Requesting assistance #1185
Description
From @compnerd’s comment in #1184
The project doesn't seem particularly enticing to me - the "rebuilding from the ground up for GPU acceleration through Metal" is a big component of that. If you were designing it for optimization for DCOM+ (DirectX is effective accessed through COM), that might be different. GPU environments are quite fragmented and designing around a particular one is a choice that I do not particularly agree with.
One reason I started this project is I didn’t like that S4TF ran exclusively on CUDA. I planned to bring Metal to it, but I’m open to more platforms. I started trying Swift on Windows, although I couldn't get the REPL to work (even with the workaround @compnerd recently posted). I am interesting in learning DirectX and making a backend for DirectML. I would author it in C++, then bind it to Swift through C at call sites for raw operations.
This also seems very much as other platforms are an afterthought. The overall structure of S4TF is far better from a design standpoint - it generically solves the problem in software and has abstractions over a compilation pipeline to separate the concern of optimization and device/runtime independence.

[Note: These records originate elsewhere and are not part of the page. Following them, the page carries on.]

lemma coord_translate: "u \<in> U \<Longrightarrow> coord u (x + t *\<^sub>R axis) = coord u x - t / n"
proof -
  assume u: "u \<in> U"
  have "axis \<bullet> coord_vec u = - coord u centre" unfolding axis_def coord_def by (simp add: inner_simps)
  then show ?thesis using coord_centre[OF u] by (simp add: coord_add)
qed

lemma apex1_translate: "apex1 (x + t *\<^sub>R axis) = apex1 x + t"
proof -
  have "(\<Sum>u\<in>U. coord u (x + t *\<^sub>R axis)) = (\<Sum>u\<in>U. coord u x) - (\<Sum>u\<in>U. t / n)"
    by (simp add: coord_translate sum_subtractf)
  also have "(\<Sum>u\<in>U. t / n) = t" using n_pos by simp
  finally show ?thesis unfolding apex1_def by simp
qed

lemma base_translate: "u \<in> U \<Longrightarrow> base u (x + t *\<^sub>R axis) = base u x"
  unfolding base_def using n_pos by (simp add: coord_translate apex1_translate field_simps)

lemma height_translate: "height (x + t *\<^sub>R axis) = height x - t"
  unfolding height_def by (simp add: apex1_translate)

lemma finite_rising: "finite rising"
  unfolding rising_def using finite_U by simp

lemma rising_nonempty: "rising \<noteq> {}"
proof
  assume empty: "rising = {}"
  have "(\<Sum>u\<in>U. slope u) = - (\<Sum>u\<in>U. coord u v2) / apex1 v2 - card U / n"
    unfolding slope_def by (simp add: sum_subtractf sum_negf sum_divide_distrib[symmetric])
  also have "\<dots> = - 1 / apex1 v2"
    using n_pos apex1_v2_nonzero by (simp add: sum_coord field_simps)
  finally have "0 < (\<Sum>u\<in>U. slope u)" using apex1_v2_neg by simp
  moreover have "\<forall>u\<in>U. slope u \<le> 0" using empty unfolding rising_def by auto
  then have "(\<Sum>u\<in>U. slope u) \<le> 0" by (simp add: sum_nonpos)
  ultimately show False by simp
qed

lemma depth_le: "u \<in> U \<Longrightarrow> depth x \<le> n * base u x"
  unfolding depth_def using n_pos finite_U by simp

lemma depth_attained: obtains u where "u \<in> U" "depth x = n * base u x"
proof -
  have "Min ((\<lambda>u. base u x) ` U) \<in> (\<lambda>u. base u x) ` U"
    using finite_U U_nonempty by (intro Min_in) auto
  then show ?thesis using that unfolding depth_def by auto
qed

lemma roof_le: "u \<in> rising \<Longrightarrow> roof x \<le> base u x / slope u"
  unfolding roof_def using finite_rising by simp

lemma roof_attained: obtains u where "u \<in> rising" "roof x = base u x / slope u"
proof -
  have "Min ((\<lambda>u. base u x / slope u) ` rising) \<in> (\<lambda>u. base u x / slope u) ` rising"
    using finite_rising rising_nonempty by (intro Min_in) auto
  then show ?thesis using that unfolding roof_def by auto
qed

lemma base_pos_if_depth_pos: "0 < depth x \<Longrightarrow> u \<in> U \<Longrightarrow> 0 < base u x"
  using depth_le[of u x] n_pos by (smt (verit) zero_less_mult_iff)

lemma roof_pos_if_depth_pos: "0 < depth x \<Longrightarrow> 0 < roof x"
  using base_pos_if_depth_pos roof_attained unfolding rising_def by (metis divide_pos_pos mem_Collect_eq)

lemma depth_roof_cong:
  "\<forall>u\<in>U. base u x = base u x' \<Longrightarrow> depth x = depth x' \<and> roof x = roof x'"
  unfolding depth_def roof_def rising_def by (auto intro!: arg_cong[where f=Min] image_cong)

lemma base_psi: "u \<in> U \<Longrightarrow> base u (psi x) = base u x"
  unfolding psi_def by (rule base_translate)

lemma height_psi: "height (psi x) = height x - shift x"
  unfolding psi_def by (rule height_translate)

lemma roof_psi: "roof (psi x) = roof x"
  using depth_roof_cong[of "psi x" x] base_psi by auto

text \<open>Facets with \<open>slope u \<le> 0\<close> impose no condition at nonnegative height.\<close>
lemma above_slopes_iff_le_roof:
  assumes "\<forall>u\<in>U. 0 \<le> base u x" "0 \<le> height x"
  shows "(\<forall>u\<in>U. 0 \<le> base u x - height x * slope u) \<longleftrightarrow> height x \<le> roof x"
proof
  assume above: "\<forall>u\<in>U. 0 \<le> base u x - height x * slope u"
  obtain u where u: "u \<in> rising" "roof x = base u x / slope u" by (rule roof_attained)
  then have "0 < slope u" "u \<in> U" unfolding rising_def by auto
  then show "height x \<le> roof x" using above u by (simp add: pos_le_divide_eq)
next
  assume le: "height x \<le> roof x"
  show "\<forall>u\<in>U. 0 \<le> base u x - height x * slope u"
  proof
    fix u assume u: "u \<in> U"
    show "0 \<le> base u x - height x * slope u"
    proof (cases "0 < slope u")
      case True
      then have "height x \<le> base u x / slope u"
        using u le roof_le[of u x] unfolding rising_def by fastforce
      then show ?thesis using True by (simp add: pos_le_divide_eq)
    next
      case False
      then show ?thesis using assms u by (smt (verit) mult_nonneg_nonpos)
    qed
  qed
qed

lemma shift_eq_0: "depth x \<le> 0 \<Longrightarrow> shift x = 0"
  unfolding shift_def fiber_shift_def by simp

lemma shift_eq: "0 < depth x \<Longrightarrow> shift x = fiber_shift (depth x) (roof x) (height x)"
  unfolding shift_def by simp

lemma psi_eq_self: "depth x \<le> 0 \<Longrightarrow> psi x = x"
  unfolding psi_def by (simp add: shift_eq_0)

lemma sigma2_fiber:
  assumes "x \<in> \<sigma>2" "0 < depth x"
  shows "\<forall>u\<in>U. 0 < base u x" "0 < roof x" "0 \<le> height x" "height x \<le> roof x"
proof -
  show base: "\<forall>u\<in>U. 0 < base u x" using base_pos_if_depth_pos assms(2) by blast
  show "0 < roof x" using roof_pos_if_depth_pos assms(2) .
  show "0 \<le> height x" "height x \<le> roof x"
    using assms(1) above_slopes_iff_le_roof base by (auto simp: mem_sigma2_iff less_imp_le)
qed

lemma shift_bounds:
  assumes "x \<in> \<sigma>2" "0 < depth x"
  shows "0 \<le> shift x" "shift x \<le> depth x"
  using fiber_shift_bounds[of "depth x" "roof x" "height x"] sigma2_fiber[OF assms]
    shift_eq[OF assms(2)] assms(2) by simp_all

lemma psi_mem_sigma2:
  assumes x: "x \<in> \<sigma>2" and pos: "0 < depth x" and nonneg: "0 \<le> height (psi x)"
  shows "psi x \<in> \<sigma>2"
proof -
  have "height (psi x) \<le> roof (psi x)"
    using sigma2_fiber[OF x pos] shift_bounds[OF x pos] by (simp add: height_psi roof_psi)
  moreover have base: "\<forall>u\<in>U. 0 \<le> base u (psi x)"
    using sigma2_fiber(1)[OF x pos] by (simp add: base_psi less_imp_le)
  ultimately show ?thesis
    using above_slopes_iff_le_roof[OF base nonneg] nonneg by (simp add: mem_sigma2_iff)
qed

lemma psi_mem_sigma1:
  assumes x: "x \<in> \<sigma>2" and pos: "0 < depth x" and nonpos: "height (psi x) \<le> 0"
  shows "psi x \<in> \<sigma>1"
proof -
  have "0 \<le> base u (psi x) + height (psi x) / n" if u: "u \<in> U" for u
  proof -
    have "0 \<le> n * base u (psi x) + height (psi x)"
      using depth_le[OF u, of x] sigma2_fiber[OF x pos] shift_bounds[OF x pos] u
      by (simp add: base_psi height_psi)
    then show ?thesis using n_pos by (simp add: field_simps)
  qed
  then show ?thesis using nonpos by (simp add: mem_sigma1_iff)
qed

lemma psi_mem_union:
  assumes x: "x \<in> \<sigma>2"
  shows "psi x \<in> \<sigma>1 \<union> \<sigma>2"
proof (cases "0 < depth x")
  case True
  then show ?thesis
    using psi_mem_sigma1[OF x True] psi_mem_sigma2[OF x True] by (cases "height (psi x) \<le> 0") auto
next
  case False
  then show ?thesis using x psi_eq_self by simp
qed

lemma inj_psi: "inj psi"
proof (rule injI)
  fix x x' assume eq: "psi x = psi x'"
  have base_eq: "\<forall>u\<in>U. base u x = base u x'"
  proof
    fix u assume "u \<in> U"
    then show "base u x = base u x'" using base_psi[of u x] base_psi[of u x'] eq by simp
  qed
  then have depth_eq: "depth x' = depth x" and roof_eq: "roof x' = roof x"
    using depth_roof_cong[OF base_eq] by auto
  have heights: "height x - shift x = height x' - shift x'"
    using arg_cong[OF eq, of height] by (simp add: height_psi)
  have "height x = height x'"
  proof (cases "0 < depth x")
    case True
    then have "height x - fiber_shift (depth x) (roof x) (height x)
        = height x' - fiber_shift (depth x) (roof x) (height x')"
      using heights by (simp add: shift_eq depth_eq roof_eq)
    then show ?thesis
      by (rule fiber_shift_inj[OF less_imp_le[OF True] roof_pos_if_depth_pos[OF True]])
  next
    case False
    then have "shift x = 0" "shift x' = 0" using depth_eq by (simp_all add: shift_eq_0)
    then show ?thesis using heights by simp
  qed
  then show "x = x'" using eq_if_base_height_eq base_eq by blast
qed

lemma mem_sigma2I:
  assumes "\<forall>u\<in>U. 0 \<le> base u x" "0 \<le> height x" "height x \<le> roof x"
  shows "x \<in> \<sigma>2"
  using above_slopes_iff_le_roof[OF assms(1,2)] assms by (simp add: mem_sigma2_iff)

lemma sigma1_height_ge: "x \<in> \<sigma>1 \<Longrightarrow> - depth x \<le> height x"
proof -
  assume x: "x \<in> \<sigma>1"
  obtain u where u: "u \<in> U" "depth x = n * base u x" by (rule depth_attained)
  have "0 \<le> base u x + height x / n" using x u by (simp add: mem_sigma1_iff)
  then show ?thesis using u n_pos by (simp add: field_simps)
qed

lemma psi_surj:
  assumes z: "z \<in> \<sigma>1 \<union> \<sigma>2"
  shows "\<exists>x\<in>\<sigma>2. psi x = z"
proof (cases "0 < depth z")
  case False
  have "z \<in> \<sigma>2"
  proof (cases "z \<in> \<sigma>2")
    case False
    then have z1: "z \<in> \<sigma>1" using z by blast
    then have "height z = 0"
      using sigma1_height_ge[OF z1] \<open>\<not> 0 < depth z\<close> by (simp add: mem_sigma1_iff)
    then show ?thesis using z1 by (simp add: mem_sigma1_iff mem_sigma2_iff)
  qed
  then show ?thesis using False psi_eq_self by force
next
  case True
  have bases: "\<forall>u\<in>U. 0 \<le> base u z"
    using base_pos_if_depth_pos[OF True] by (simp add: less_imp_le)
  have roof: "0 < roof z" using roof_pos_if_depth_pos[OF True] .
  have "- depth z \<le> height z \<and> height z \<le> roof z"
    using z sigma2_fiber[OF _ True] sigma1_height_ge roof True by (auto simp: mem_sigma1_iff)
  then obtain s where s: "0 \<le> s" "s \<le> roof z" "s - fiber_shift (depth z) (roof z) s = height z"
    using fiber_shift_surj[of "depth z" "roof z" "height z"] True roof by auto
  define x where "x = z + (height z - s) *\<^sub>R axis"
  have base_x: "\<forall>u\<in>U. base u x = base u z" unfolding x_def by (simp add: base_translate)
  have height_x: "height x = s" unfolding x_def by (simp add: height_translate)
  have depth_x: "depth x = depth z" and roof_x: "roof x = roof z"
    using depth_roof_cong[OF base_x] by auto
  have "x \<in> \<sigma>2" using mem_sigma2I bases base_x height_x roof_x s by simp
  moreover have shift_x: "shift x = s - height z"
    using s(3) True by (simp add: shift_eq depth_x roof_x height_x)
  have "psi x = z + ((height z - s) + (s - height z)) *\<^sub>R axis"
    unfolding psi_def shift_x unfolding x_def scaleR_add_left by (simp add: add.assoc)
  then have "psi x = z" by simp
  ultimately show ?thesis by blast
qed

lemma mem_tau_iff_height: "x \<in> \<sigma>2 \<Longrightarrow> x \<in> \<tau> \<longleftrightarrow> height x = 0"
  by (auto simp: mem_sigma2_iff mem_tau_iff)

lemma psi_notin_D_if_mem_tau:
  assumes x: "x \<in> \<tau>"
  shows "psi x \<notin> rel_interior \<sigma>1 \<union> (\<sigma>2 - rel_frontier \<tau>)"
proof -
  have height: "height x = 0" using x by (simp add: mem_tau_iff)
  then have not_int1: "x \<notin> rel_interior \<sigma>1" by (simp add: mem_rel_interior_sigma1_iff)
  obtain u0 where u0: "u0 \<in> U" "depth x = n * base u0 x" by (rule depth_attained)
  show ?thesis
  proof (cases "0 < depth x")
    case False
    then have "base u0 x \<le> 0" using u0 n_pos mult_pos_pos[of n "base u0 x"] by linarith
    then have "\<not> (\<forall>u\<in>U. 0 < base u x)" using u0(1) not_le by blast
    then have "x \<notin> rel_interior \<tau>" by (simp add: mem_rel_interior_tau_iff)
    then show ?thesis
      using x not_int1 False psi_eq_self rel_frontier_convex_hull_finite[OF finite_U] by auto
  next
    case True
    have bottom: "height (psi x) = - depth x"
      using fiber_shift_bottom(1)[of "depth x" "roof x" "height x"] True height
        roof_pos_if_depth_pos[OF True] by (simp add: height_psi shift_eq)
    then have "psi x \<notin> \<sigma>2" using True by (simp add: mem_sigma2_iff)
    moreover have "psi x \<notin> rel_interior \<sigma>1"
      using u0 bottom n_pos by (auto simp: mem_rel_interior_sigma1_iff base_psi)
    ultimately show ?thesis using rel_interior_subset by blast
  qed
qed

I read the research paper on S4TF, and I realized that the eager execution model of TensorFlow was much more achievable than what I had planned for DL4S. I then considered using an industry-standard interface like XLA for interfacing with both the Metal and DirectX backends. That investigation led me to greatly appreciate S4TF’s public API. I would rather reuse the code base of S4TF than overhaul DL4S. I have been changing my mind left and right over the past week, so my decision isn’t concrete.
I am considering forking tensorflow/swift-apis and adding the new backends to that project. In addition, I will add iOS/tvOS support by removing the need for a separate Swift toolchain - one of the major reasons @palle-k made DL4S. Differentiation is disabled in Swift’s release build, but I found a short-term workaround by wrapping the Swift standard library’s differentiation directory in a Swift package. Ideally, S4TF 0.14.0 would still work with tensorflow/swift-models and fastai/swiftai without any modifications to those repos. The contributions would be purely additive.